At the end of the credits, what appears to be the last photograph of the real Briseño family appears. It's accompanied by a Latin phrase that the real Karem supposedly used to say when she was possessed: "Quia non refert quid vis ut nunc. nonne tu es hinc. Hinc illum sicut me", which means "Because it doesn't matter what you want now. Aren't you from here? That's why he likes me".

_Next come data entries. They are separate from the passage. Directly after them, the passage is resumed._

(* Let $\lambda$ be a partition with $|\lambda| = k$. Then for all $n \in \mathbb{N}$ (with $\mathbb{N}=\{0,1,2,\dots\}$), \[ \frac{1}{\# \mathcal{OT}(\lambda,k+2n)\cdot(2n+k+1)} \sum_{T \in \mathcal{OT}(\lambda,k+2n)} \mathrm{wt}(T) = \frac{n}{3} + \frac{k}{2}.\]
   Context: Young's lattice is the poset of all integer partitions ordered by inclusion of Young diagrams; write $\mu \lessdot \lambda$ if the Young diagram of $\lambda$ is obtained from that of $\mu$ by adding one box. $|\lambda|$ denotes the size (number of boxes) of $\lambda$. A walk in Young's lattice is a sequence of partitions $(\lambda^{0},\lambda^{1},\ldots,\lambda^{l})$ such that for each $1\le i\le l$ either $\lambda^{i-1}\lessdot\lambda^{i}$ or $\lambda^{i}\lessdot\lambda^{i-1}$. An oscillating tableau of shape $\lambda$ and length $l$ is such a walk with $\lambda^{0}=\emptyset$ (the empty partition) and $\lambda^{l}=\lambda$; $\mathcal{OT}(\lambda,l)$ denotes the set of all of them. The weight of $T=(\lambda^{0},\ldots,\lambda^{l})$ is $\mathrm{wt}(T) := \sum_{i=0}^{l}|\lambda^{i}|$. *)

theory Defs
  imports Complex_Main
begin

definition is_partition :: "nat list \<Rightarrow> bool" where
  "is_partition la \<longleftrightarrow> sorted_wrt (\<ge>) la \<and> (\<forall>x\<in>set la. 0 < x)"

definition psize :: "nat list \<Rightarrow> nat" where
  "psize la = sum_list la"

definition diagram :: "nat list \<Rightarrow> (nat \<times> nat) set" where
  "diagram la = {(i, j). i < length la \<and> j < la ! i}"

definition covers :: "nat list \<Rightarrow> nat list \<Rightarrow> bool" where
  "covers mu la \<longleftrightarrow> is_partition mu \<and> is_partition la \<and>
     (\<exists>c. c \<notin> diagram mu \<and> diagram la = insert c (diagram mu))"
lemma S_lambda_tracking:
  assumes \<psi>: "\<forall>j<length lam. \<psi> ` block lam j \<subseteq> merged_block lam' h j \<and> inj_on \<psi> (block lam j)"
    and k: "sum_list lam = k" and \<pi>': "\<pi>' \<in> S_lambda k' lam'"
  shows "\<exists>\<pi>\<in>S_lambda k lam. tracks k \<psi> \<pi>' \<pi>"
proof -
  have "\<exists>\<pi>j. \<pi>j permutes block lam j \<and>
      (\<forall>c\<in>block lam j. \<forall>d\<in>block lam j. \<pi>' (\<psi> c) = \<psi> d \<longrightarrow> \<pi>j c = d)" if "j < length lam" for j
  proof -
    have "inj_on \<psi> (block lam j)" using \<psi> that by blast
    from ex_permutes_tracking[OF finite_block this S_lambda_permutes[OF \<pi>']]
    show ?thesis by blast
  qed
  then obtain \<pi>s where \<pi>s: "\<forall>j<length lam. \<pi>s j permutes block lam j \<and>
      (\<forall>c\<in>block lam j. \<forall>d\<in>block lam j. \<pi>' (\<psi> c) = \<psi> d \<longrightarrow> \<pi>s j c = d)"
    by metis
  then obtain \<pi> where \<pi>: "\<pi> \<in> S_lambda k lam" "\<forall>j<length lam. \<forall>c\<in>block lam j. \<pi> c = \<pi>s j c"
    using S_lambda_of_block_permutations[of lam \<pi>s] k by blast
  have "\<pi> c = d" if c: "c \<in> {1..k}" and d: "d \<in> {1..k}" and eq: "\<pi>' (\<psi> c) = \<psi> d" for c d
  proof -
    define j where "j = block_of lam c"
    have cj: "j < length lam" "c \<in> block lam j"
      and dj: "block_of lam d < length lam" "d \<in> block lam (block_of lam d)"
      using block_of_less mem_block_block_of c d k by (auto simp: j_def)
    \<comment> \<open>\<open>\<pi>'\<close> keeps the merged blocks, which are disjoint, so \<open>c\<close> and \<open>d\<close> lie in the same block.\<close>
    have "\<psi> d \<in> merged_block lam' h j"
      using \<psi> cj eq S_lambda_image_merged_block[OF \<pi>', of h j] by (metis image_eqI subsetD)
    moreover have "\<psi> d \<in> merged_block lam' h (block_of lam d)"
      using \<psi> dj by blast
    ultimately have "block_of lam d = j"
      using merged_block_disjoint by blast
    then show "\<pi> c = d"
      using \<pi>(2) \<pi>s cj dj eq by simp
  qed
  then show ?thesis using \<pi>(1) unfolding tracks_def by blast
qed
lemma orthogonal_support_of_line_avoiding_interior:
  fixes K :: "'a::euclidean_space set"
  assumes "convex K" "closed K" "interior K \<noteq> {}" "\<forall>r. x + r *\<^sub>R u \<notin> interior K"
  obtains \<nu> where "\<nu> \<noteq> 0" "\<nu> \<bullet> u = 0" "\<forall>k\<in>K. \<nu> \<bullet> k \<le> \<nu> \<bullet> x"
proof -
  define l where "l = range (\<lambda>r. x + r *\<^sub>R u)"
  have "convex l"
    using convex_translation[OF convex_linear_image[OF linear_scaleR_left convex_UNIV], of x u]
    by (simp add: l_def image_image)
  moreover have "interior K \<inter> l = {}" "l \<noteq> {}" using assms(4) by (auto simp: l_def)
  ultimately obtain a b where ab: "a \<noteq> 0" "\<forall>v\<in>interior K. a \<bullet> v \<le> b" "\<forall>v\<in>l. b \<le> a \<bullet> v"
    using separating_hyperplane_sets[OF convex_interior[OF assms(1)] _ assms(3)] by blast
  have "a \<bullet> u = 0"
  proof (rule ccontr)
    assume "a \<bullet> u \<noteq> 0"
    then have "a \<bullet> (x + ((b - a \<bullet> x - 1) / (a \<bullet> u)) *\<^sub>R u) = b - 1" by (simp add: inner_add_right)
    moreover have "b \<le> a \<bullet> (x + ((b - a \<bullet> x - 1) / (a \<bullet> u)) *\<^sub>R u)" using ab(3) by (simp add: l_def)
    ultimately show False by linarith
  qed
  moreover have "K \<subseteq> {v. a \<bullet> v \<le> b}"
  proof -
    have "closure (interior K) \<subseteq> {v. a \<bullet> v \<le> b}"
      using ab(2) by (intro closure_minimal) (auto simp: closed_halfspace_le)
    then show ?thesis
      using convex_closure_interior[OF assms(1,3)] closure_closed[OF assms(2)] by simp
  qed
  moreover have "b \<le> a \<bullet> (x + 0 *\<^sub>R u)" using ab(3) unfolding l_def by blast
  ultimately have "\<forall>k\<in>K. a \<bullet> k \<le> a \<bullet> x" by auto
  then show ?thesis using that ab(1) \<open>a \<bullet> u = 0\<close> by blast
qed
lemma sample_freq2_deviation_prob_le:
  fixes n k i j :: nat and \<epsilon> \<delta> :: real
  assumes "2 \<le> k" "k \<le> n - 1" "0 < \<epsilon>" "\<epsilon> < 1" "0 < \<delta>" "i \<in> {1..n}" "j \<in> {1..n}"
  defines "\<gamma> \<equiv> real (k * (n - k)) / (2 * real n * (real n - 1))"
  defines "m \<equiv> nat \<lceil>12 * real n * (real n - 1)^2 / (\<epsilon>^2 * real (n - k)^2 * real k)
                     * ln (2 * real n ^ 2 / \<delta>)\<rceil>"
  defines "q \<equiv> measure_pmf.prob (ksubset_pmf n k) {J. {i, j} \<subseteq> J}"
  shows "measure_pmf.prob (sample_pmf n k m) {I. \<epsilon> * \<gamma> < \<bar>freq2 m I i j - q\<bar>} \<le> \<delta> / real n ^ 2"
proof -
  have q: "0 < q" "q \<le> real k / real n"
    using prob_ksubset_pmf_pair_bounds[of k n i j] assms(1,2,6,7) by (auto simp: q_def)
  have "0 < \<gamma>"
    unfolding \<gamma>_def using assms(1,2) by (intro divide_pos_pos) auto
  have "measure_pmf.prob (sample_pmf n k m) {I. \<epsilon> * \<gamma> < \<bar>freq2 m I i j - q\<bar>}
      \<le> 2 * exp (- (real m * (\<epsilon> * \<gamma>)^2 / (2 * q + \<epsilon> * \<gamma>)))"
    unfolding q_def by (rule freq2_deviation_prob_le) (use q \<open>0 < \<gamma>\<close> assms(3) in \<open>simp_all add: q_def\<close>)
  also have "\<dots> \<le> 2 * exp (- ln (2 * real n ^ 2 / \<delta>))"
    using sample_size_exponent_bound[of k n \<epsilon> q "ln (2 * real n ^ 2 / \<delta>)"] q assms(1-4)
    unfolding \<gamma>_def m_def by simp
  also have "\<dots> = \<delta> / real n ^ 2"
    using assms(5,6) by (simp add: exp_minus)
  finally show ?thesis .
qed
(* Let $f:\mathbb{R}^n\to\mathbb{R}$ be differentiable and pseudo-convex, with $\nabla f$ $L$-Lipschitz continuous, and assume the stationary set $X^*$ is non-empty. Then the sequence $\{x^k\}$ generated by Algorithm 2 (with $\nabla f(x^k)\ne0$ for all $k$) satisfies, for every $x^*\in X^*$ and every integer $K\ge1$, $$\frac1K\sum_{k=0}^{K-1}\|\nabla f(x^k)\|^2\le\frac{\|x^0-x^*\|^2}{K\kappa_2h_{\min}^2},$$ where $\kappa_2=2\beta-1-\beta^2\nu^2$ and $h_{\min}=\min\left\{\underline{h},\frac{\nu\theta}{\overline{h}\max\{L,1\}^2}\right\}$.
   Context: Pseudo-convex: $\nabla f$ pseudo-monotone, i.e. $\langle \nabla f(x),y-x\rangle\ge0\Rightarrow\langle\nabla f(y),y-x\rangle\ge0$ for all $x,y$. $X^*=\{x:\nabla f(x)=0\}$. Algorithm 2: parameters $0<\mu<\nu<1$, $0<\underline{h}<1\le\gamma_0^0\le\overline{h}$, $\theta\in(0,1)$, $\tau>1$, $\beta\in\left(\frac{1-\sqrt{1-\nu^2}}{\nu^2},1\right]$, starting point $x^0$. At iteration $k$: for $\gamma>0$ let $z^k(\gamma)=x^k-\gamma\nabla f(x^k)$ and $r_k(\gamma)=\gamma\|\nabla f(z^k(\gamma))-\nabla f(x^k)\|/\|z^k(\gamma)-x^k\|$; starting from $\gamma_0^k$, while $r_k(\gamma_l^k)>\nu$ set $\gamma_{l+1}^k=\gamma_l^k\theta\min\{1,1/r_k(\gamma_l^k)\}$; let $h_k$ be the first $\gamma_l^k$ with $r_k(\gamma_l^k)\le\nu$. Then $z^k=x^k-h_k\nabla f(x^k)$, $x^{k+1}=x^k-h_k\big(\nabla f(x^k)-\beta(\nabla f(x^k)-\nabla f(z^k))\big)$, and $\gamma_0^{k+1}=\mathbf{P}_{[\underline{h},\overline{h}]}(\tau h_k)$ if $r_k(h_k)\le\mu$, else $\gamma_0^{k+1}=\mathbf{P}_{[\underline{h},\overline{h}]}(h_k)$, where $\mathbf{P}_{[a,b]}$ is projection onto $[a,b]$. *)

theory Defs
  imports "HOL-Analysis.Analysis"
begin

text \<open>Pseudo-convexity via pseudo-monotonicity of the gradient g.\<close>
definition pseudo_monotone :: "('a::real_inner \<Rightarrow> 'a) \<Rightarrow> bool" where
  "pseudo_monotone g \<longleftrightarrow>
     (\<forall>x y. g x \<bullet> (y - x) \<ge> 0 \<longrightarrow> g y \<bullet> (y - x) \<ge> 0)"

definition proj_interval :: "real \<Rightarrow> real \<Rightarrow> real \<Rightarrow> real" where
  "proj_interval a b t = max a (min b t)"
theorem lemma6p10:
  fixes n m :: nat and L :: "('d::finite) bspl set"
  assumes "n \<ge> 2" and "m \<ge> 2"
    and "lineage n m L"
  shows "\<exists>Lt. lineage n m Lt \<and> L \<subseteq> Lt \<and> absorbing n m (hgen n m Lt) Lt
     \<and> (\<forall>Ls. lineage n m Ls \<and> L \<subseteq> Ls \<and> absorbing n m (hgen n m Ls) Ls \<longrightarrow> Lt \<subseteq> Ls)
     \<and> (\<forall>\<psi>\<in>Lt - L. csupp m \<psi> \<subseteq> csupps m (levelset L (lvl \<psi>)))
     \<and> depth Lt = depth L
     \<and> (\<forall>\<psi>\<in>Lt - L. \<exists>k::int. k > 0 \<and> overlap n m \<psi> k (hgen n m L) \<noteq> {})"
proof (intro exI[of _ "absorbing_closure n m L"] conjI allI impI ballI)
  have n: "n \<ge> 1" and m: "m \<ge> 1" and fin: "finite L"
    using assms by (auto simp: lineage_def)
  show "lineage n m (absorbing_closure n m L)"
    using lineage_absorbing_closure[OF assms(3) m] .
  show "depth (absorbing_closure n m L) = depth L"
    using depth_absorbing_closure[OF m] .
  show "\<exists>k::int. k > 0 \<and> overlap n m \<psi> k (hgen n m L) \<noteq> {}"
    if "\<psi> \<in> absorbing_closure n m L - L" for \<psi>
    using overlap_absorbing_closure[OF fin n m that] .
  show "absorbing_closure n m L \<subseteq> Ls"
    if "lineage n m Ls \<and> L \<subseteq> Ls \<and> absorbing n m (hgen n m Ls) Ls" for Ls
    using absorbing_closure_least that by blast
  show "csupp m \<psi> \<subseteq> csupps m (levelset L (lvl \<psi>))"
    if "\<psi> \<in> absorbing_closure n m L - L" for \<psi>
    using absorbing_closure_csupp_levelset[OF that] .
qed (auto intro: absorbing_closure.base absorbing_absorbing_closure)

end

According to the real Briseño family case (that inspired the film), all the members of the family (including the real possessed girl Karem) were inexplicably found dead inside their house in 1984.

== Cast ==
- Daniel Martinez as Abraham Briseño
- Dominika Paleta as Mariana Briseño
- Raquel Rodriguez as Karem Briseño
- Miranda Kay as Laura Briseño
- Gregorio Urquijo as Eduardo Briseño

== Production ==
The film is a co-production of L'maneto Films with Videocine from Rigoberto Castañeda. Originally actress Miranda Kay was cast for the role of eponymous Karem Briseño, however as the film took around 6 years to be made, she was eventually cast as the eldest daughter instead. Photography director Junichiro Hayashi took the job after film director Henry Bedwell send him the script and traveled to Mexico for the shooting stage.

Principal photography began in 2019 on Durango, Mexico, and it is based on a real-life case of demonic possession of Mexico, Durango. However Bedwell only used the case as an inspiration for the plot of the film that is mainly fictitious. Some scenes were filmed in real locations of Durango like Velatorio "El Sabino", Elementary School Guadalupe Victoria and Museum art Guillermo Ceniceros. Film director felt Durango state allowed the film crew to work freely due the state is used for filming projects.

== Distribution ==
The film premiere was held at Durango on December 7, 2021 during film festival "Feratum 2021". About a month before its scheduled premiere date on December 30. As most of the films made during 2019-2020 season on Mexico, the film was delayed from his original 2020 release date. The official date was chosen to be in December for the movie to be released in 2021.
== Reception ==
=== Box office ===
Box Office Mojo estimates that on its opening week the movie earned $311,748 from December 30 to January 2. Additionally, for its second week of the exhibition, it gained $647,043. Most of the box office stability was compromised mainly because of the movie's competition during its run in Mexico, as a result, the movie's total gross was $792,795.

===Critical response ===
Mishel Luna from Tomatazos dubbed the movie as predictable and not scary due to unrealistic sequences and lack of innovations, he concludes: "Karem, la posesión could have been a great movie, but it lacked attention on narrative details and investigation in order to exploit a real story and as harsh as it was the real family from Durango." Writing for Spoiler Luis Leonardo Suarez anointed the movie as "mediocre" because of the presence of exorcism and possession movies cliches, and he also criticized the actors' performances such as the lead actress. Suarez lauded Junichiro Hayashi role as principal photography director as the only redeemable movie quality. Similarly, AJ Navarro from "Cronica Escenario" praised the film photography but was more critical about the rest of the film, like the acting and special effects. He was also vocal about the plot consistency and the use of clichés from exorcism and demonic possession films.